DIRECTIONS
Keeping every line intact, repeat the data word for word.

INFORMATION PROVIDED
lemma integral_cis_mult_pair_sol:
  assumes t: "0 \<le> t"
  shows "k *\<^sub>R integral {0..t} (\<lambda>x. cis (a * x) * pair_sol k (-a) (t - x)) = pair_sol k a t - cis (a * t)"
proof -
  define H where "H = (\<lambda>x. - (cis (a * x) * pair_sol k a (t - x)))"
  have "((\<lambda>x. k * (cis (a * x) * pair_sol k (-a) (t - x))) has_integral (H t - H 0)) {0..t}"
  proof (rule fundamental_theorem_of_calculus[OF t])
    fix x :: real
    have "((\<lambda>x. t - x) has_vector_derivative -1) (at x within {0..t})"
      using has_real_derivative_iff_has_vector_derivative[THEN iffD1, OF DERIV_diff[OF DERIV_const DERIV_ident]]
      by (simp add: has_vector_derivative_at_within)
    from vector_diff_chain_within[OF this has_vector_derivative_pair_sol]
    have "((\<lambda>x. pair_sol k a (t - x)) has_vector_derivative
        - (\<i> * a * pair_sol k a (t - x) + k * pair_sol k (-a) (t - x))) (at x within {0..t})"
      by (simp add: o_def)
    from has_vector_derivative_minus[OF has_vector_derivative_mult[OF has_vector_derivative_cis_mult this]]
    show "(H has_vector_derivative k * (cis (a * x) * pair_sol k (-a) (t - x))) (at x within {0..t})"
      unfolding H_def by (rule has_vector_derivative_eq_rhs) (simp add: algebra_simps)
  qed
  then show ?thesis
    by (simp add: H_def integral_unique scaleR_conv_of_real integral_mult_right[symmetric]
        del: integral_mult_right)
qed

ANSWER BELOW
lemma integral_cis_mult_pair_sol:
  assumes t: "0 \<le> t"
  shows "k *\<^sub>R integral {0..t} (\<lambda>x. cis (a * x) * pair_sol k (-a) (t - x)) = pair_sol k a t - cis (a * t)"
proof -
  define H where "H = (\<lambda>x. - (cis (a * x) * pair_sol k a (t - x)))"
  have "((\<lambda>x. k * (cis (a * x) * pair_sol k (-a) (t - x))) has_integral (H t - H 0)) {0..t}"
  proof (rule fundamental_theorem_of_calculus[OF t])
    fix x :: real
    have "((\<lambda>x. t - x) has_vector_derivative -1) (at x within {0..t})"
      using has_real_derivative_iff_has_vector_derivative[THEN iffD1, OF DERIV_diff[OF DERIV_const DERIV_ident]]
      by (simp add: has_vector_derivative_at_within)
    from vector_diff_chain_within[OF this has_vector_derivative_pair_sol]
    have "((\<lambda>x. pair_sol k a (t - x)) has_vector_derivative
        - (\<i> * a * pair_sol k a (t - x) + k * pair_sol k (-a) (t - x))) (at x within {0..t})"
      by (simp add: o_def)
    from has_vector_derivative_minus[OF has_vector_derivative_mult[OF has_vector_derivative_cis_mult this]]
    show "(H has_vector_derivative k * (cis (a * x) * pair_sol k (-a) (t - x))) (at x within {0..t})"
      unfolding H_def by (rule has_vector_derivative_eq_rhs) (simp add: algebra_simps)
  qed
  then show ?thesis
    by (simp add: H_def integral_unique scaleR_conv_of_real integral_mult_right[symmetric]
        del: integral_mult_right)
qed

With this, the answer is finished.